_The task_
Retype every record below exactly as it appears.

_Input material_
* * * * *
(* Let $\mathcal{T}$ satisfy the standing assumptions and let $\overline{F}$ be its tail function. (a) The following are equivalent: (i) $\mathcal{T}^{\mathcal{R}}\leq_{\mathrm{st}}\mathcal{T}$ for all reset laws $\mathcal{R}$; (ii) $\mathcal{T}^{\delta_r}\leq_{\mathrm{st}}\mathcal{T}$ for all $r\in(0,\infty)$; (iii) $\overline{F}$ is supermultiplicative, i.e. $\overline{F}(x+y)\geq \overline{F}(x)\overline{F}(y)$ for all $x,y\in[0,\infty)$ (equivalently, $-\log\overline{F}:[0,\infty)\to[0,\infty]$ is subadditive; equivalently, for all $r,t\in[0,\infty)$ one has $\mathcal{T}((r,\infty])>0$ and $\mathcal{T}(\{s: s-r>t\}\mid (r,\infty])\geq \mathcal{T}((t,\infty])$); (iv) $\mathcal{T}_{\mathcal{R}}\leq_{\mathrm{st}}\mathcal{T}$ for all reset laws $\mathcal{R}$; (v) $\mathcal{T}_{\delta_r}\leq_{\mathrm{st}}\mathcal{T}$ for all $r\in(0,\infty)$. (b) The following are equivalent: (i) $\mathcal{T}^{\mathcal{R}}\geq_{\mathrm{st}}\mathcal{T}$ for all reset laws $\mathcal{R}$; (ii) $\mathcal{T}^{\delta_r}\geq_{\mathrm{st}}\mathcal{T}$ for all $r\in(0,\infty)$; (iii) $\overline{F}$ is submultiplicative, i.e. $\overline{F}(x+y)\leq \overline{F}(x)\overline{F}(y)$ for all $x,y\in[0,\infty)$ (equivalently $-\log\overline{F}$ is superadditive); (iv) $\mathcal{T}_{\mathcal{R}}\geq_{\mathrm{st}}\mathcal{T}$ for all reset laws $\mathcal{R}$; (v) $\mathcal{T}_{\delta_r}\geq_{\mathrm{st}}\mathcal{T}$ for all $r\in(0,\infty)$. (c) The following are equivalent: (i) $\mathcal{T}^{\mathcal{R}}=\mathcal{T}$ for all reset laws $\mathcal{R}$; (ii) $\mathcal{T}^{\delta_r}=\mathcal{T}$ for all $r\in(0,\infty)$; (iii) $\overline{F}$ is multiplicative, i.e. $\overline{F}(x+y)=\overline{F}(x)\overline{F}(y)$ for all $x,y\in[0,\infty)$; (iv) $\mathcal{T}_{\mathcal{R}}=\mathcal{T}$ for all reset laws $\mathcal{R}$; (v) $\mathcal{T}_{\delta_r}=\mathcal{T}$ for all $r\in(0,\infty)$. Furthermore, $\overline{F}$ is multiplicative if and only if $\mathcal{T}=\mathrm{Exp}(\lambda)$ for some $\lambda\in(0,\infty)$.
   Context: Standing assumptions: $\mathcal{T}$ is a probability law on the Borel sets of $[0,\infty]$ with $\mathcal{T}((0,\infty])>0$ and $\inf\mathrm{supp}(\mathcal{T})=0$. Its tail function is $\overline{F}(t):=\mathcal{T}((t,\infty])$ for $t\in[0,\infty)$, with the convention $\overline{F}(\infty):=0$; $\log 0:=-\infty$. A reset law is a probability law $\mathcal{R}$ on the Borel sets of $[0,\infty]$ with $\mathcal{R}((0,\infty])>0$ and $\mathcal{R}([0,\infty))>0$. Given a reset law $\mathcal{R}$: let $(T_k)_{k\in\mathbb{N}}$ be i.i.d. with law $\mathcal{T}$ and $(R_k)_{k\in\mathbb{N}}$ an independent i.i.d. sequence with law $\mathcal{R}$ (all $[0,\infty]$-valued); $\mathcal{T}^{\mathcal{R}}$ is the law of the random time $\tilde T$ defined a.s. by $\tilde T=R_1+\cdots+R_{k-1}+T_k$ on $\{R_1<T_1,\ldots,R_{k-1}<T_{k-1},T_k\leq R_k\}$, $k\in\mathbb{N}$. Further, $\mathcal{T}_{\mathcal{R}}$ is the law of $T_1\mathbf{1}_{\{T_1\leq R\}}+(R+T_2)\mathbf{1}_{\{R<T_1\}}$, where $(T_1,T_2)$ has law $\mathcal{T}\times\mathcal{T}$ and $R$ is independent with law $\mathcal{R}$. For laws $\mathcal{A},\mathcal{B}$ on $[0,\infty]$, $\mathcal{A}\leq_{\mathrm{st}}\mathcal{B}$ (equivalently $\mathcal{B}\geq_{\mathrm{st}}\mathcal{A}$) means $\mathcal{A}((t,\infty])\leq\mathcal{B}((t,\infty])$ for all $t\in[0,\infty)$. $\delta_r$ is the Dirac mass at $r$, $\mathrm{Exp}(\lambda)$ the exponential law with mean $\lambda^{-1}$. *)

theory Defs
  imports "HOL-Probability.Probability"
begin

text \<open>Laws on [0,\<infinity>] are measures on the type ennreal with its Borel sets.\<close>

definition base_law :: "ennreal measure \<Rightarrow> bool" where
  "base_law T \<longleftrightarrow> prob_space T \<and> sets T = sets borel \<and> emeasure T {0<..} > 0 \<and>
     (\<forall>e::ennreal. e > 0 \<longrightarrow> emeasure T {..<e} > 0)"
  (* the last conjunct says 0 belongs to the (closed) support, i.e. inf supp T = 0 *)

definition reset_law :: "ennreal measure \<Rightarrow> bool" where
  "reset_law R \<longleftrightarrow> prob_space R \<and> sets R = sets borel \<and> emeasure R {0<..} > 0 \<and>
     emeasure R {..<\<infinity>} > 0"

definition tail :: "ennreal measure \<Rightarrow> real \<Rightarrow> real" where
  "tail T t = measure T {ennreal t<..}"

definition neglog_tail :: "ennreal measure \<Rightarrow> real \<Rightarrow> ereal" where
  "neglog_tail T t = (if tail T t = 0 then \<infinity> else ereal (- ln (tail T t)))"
* * * * *
_Solution to the problem_
(* Let $\mathcal{T}$ satisfy the standing assumptions and let $\overline{F}$ be its tail function. (a) The following are equivalent: (i) $\mathcal{T}^{\mathcal{R}}\leq_{\mathrm{st}}\mathcal{T}$ for all reset laws $\mathcal{R}$; (ii) $\mathcal{T}^{\delta_r}\leq_{\mathrm{st}}\mathcal{T}$ for all $r\in(0,\infty)$; (iii) $\overline{F}$ is supermultiplicative, i.e. $\overline{F}(x+y)\geq \overline{F}(x)\overline{F}(y)$ for all $x,y\in[0,\infty)$ (equivalently, $-\log\overline{F}:[0,\infty)\to[0,\infty]$ is subadditive; equivalently, for all $r,t\in[0,\infty)$ one has $\mathcal{T}((r,\infty])>0$ and $\mathcal{T}(\{s: s-r>t\}\mid (r,\infty])\geq \mathcal{T}((t,\infty])$); (iv) $\mathcal{T}_{\mathcal{R}}\leq_{\mathrm{st}}\mathcal{T}$ for all reset laws $\mathcal{R}$; (v) $\mathcal{T}_{\delta_r}\leq_{\mathrm{st}}\mathcal{T}$ for all $r\in(0,\infty)$. (b) The following are equivalent: (i) $\mathcal{T}^{\mathcal{R}}\geq_{\mathrm{st}}\mathcal{T}$ for all reset laws $\mathcal{R}$; (ii) $\mathcal{T}^{\delta_r}\geq_{\mathrm{st}}\mathcal{T}$ for all $r\in(0,\infty)$; (iii) $\overline{F}$ is submultiplicative, i.e. $\overline{F}(x+y)\leq \overline{F}(x)\overline{F}(y)$ for all $x,y\in[0,\infty)$ (equivalently $-\log\overline{F}$ is superadditive); (iv) $\mathcal{T}_{\mathcal{R}}\geq_{\mathrm{st}}\mathcal{T}$ for all reset laws $\mathcal{R}$; (v) $\mathcal{T}_{\delta_r}\geq_{\mathrm{st}}\mathcal{T}$ for all $r\in(0,\infty)$. (c) The following are equivalent: (i) $\mathcal{T}^{\mathcal{R}}=\mathcal{T}$ for all reset laws $\mathcal{R}$; (ii) $\mathcal{T}^{\delta_r}=\mathcal{T}$ for all $r\in(0,\infty)$; (iii) $\overline{F}$ is multiplicative, i.e. $\overline{F}(x+y)=\overline{F}(x)\overline{F}(y)$ for all $x,y\in[0,\infty)$; (iv) $\mathcal{T}_{\mathcal{R}}=\mathcal{T}$ for all reset laws $\mathcal{R}$; (v) $\mathcal{T}_{\delta_r}=\mathcal{T}$ for all $r\in(0,\infty)$. Furthermore, $\overline{F}$ is multiplicative if and only if $\mathcal{T}=\mathrm{Exp}(\lambda)$ for some $\lambda\in(0,\infty)$.
   Context: Standing assumptions: $\mathcal{T}$ is a probability law on the Borel sets of $[0,\infty]$ with $\mathcal{T}((0,\infty])>0$ and $\inf\mathrm{supp}(\mathcal{T})=0$. Its tail function is $\overline{F}(t):=\mathcal{T}((t,\infty])$ for $t\in[0,\infty)$, with the convention $\overline{F}(\infty):=0$; $\log 0:=-\infty$. A reset law is a probability law $\mathcal{R}$ on the Borel sets of $[0,\infty]$ with $\mathcal{R}((0,\infty])>0$ and $\mathcal{R}([0,\infty))>0$. Given a reset law $\mathcal{R}$: let $(T_k)_{k\in\mathbb{N}}$ be i.i.d. with law $\mathcal{T}$ and $(R_k)_{k\in\mathbb{N}}$ an independent i.i.d. sequence with law $\mathcal{R}$ (all $[0,\infty]$-valued); $\mathcal{T}^{\mathcal{R}}$ is the law of the random time $\tilde T$ defined a.s. by $\tilde T=R_1+\cdots+R_{k-1}+T_k$ on $\{R_1<T_1,\ldots,R_{k-1}<T_{k-1},T_k\leq R_k\}$, $k\in\mathbb{N}$. Further, $\mathcal{T}_{\mathcal{R}}$ is the law of $T_1\mathbf{1}_{\{T_1\leq R\}}+(R+T_2)\mathbf{1}_{\{R<T_1\}}$, where $(T_1,T_2)$ has law $\mathcal{T}\times\mathcal{T}$ and $R$ is independent with law $\mathcal{R}$. For laws $\mathcal{A},\mathcal{B}$ on $[0,\infty]$, $\mathcal{A}\leq_{\mathrm{st}}\mathcal{B}$ (equivalently $\mathcal{B}\geq_{\mathrm{st}}\mathcal{A}$) means $\mathcal{A}((t,\infty])\leq\mathcal{B}((t,\infty])$ for all $t\in[0,\infty)$. $\delta_r$ is the Dirac mass at $r$, $\mathrm{Exp}(\lambda)$ the exponential law with mean $\lambda^{-1}$. *)

theory Defs
  imports "HOL-Probability.Probability"
begin

text \<open>Laws on [0,\<infinity>] are measures on the type ennreal with its Borel sets.\<close>

definition base_law :: "ennreal measure \<Rightarrow> bool" where
  "base_law T \<longleftrightarrow> prob_space T \<and> sets T = sets borel \<and> emeasure T {0<..} > 0 \<and>
     (\<forall>e::ennreal. e > 0 \<longrightarrow> emeasure T {..<e} > 0)"
  (* the last conjunct says 0 belongs to the (closed) support, i.e. inf supp T = 0 *)

definition reset_law :: "ennreal measure \<Rightarrow> bool" where
  "reset_law R \<longleftrightarrow> prob_space R \<and> sets R = sets borel \<and> emeasure R {0<..} > 0 \<and>
     emeasure R {..<\<infinity>} > 0"

definition tail :: "ennreal measure \<Rightarrow> real \<Rightarrow> real" where
  "tail T t = measure T {ennreal t<..}"

definition neglog_tail :: "ennreal measure \<Rightarrow> real \<Rightarrow> ereal" where
  "neglog_tail T t = (if tail T t = 0 then \<infinity> else ereal (- ln (tail T t)))"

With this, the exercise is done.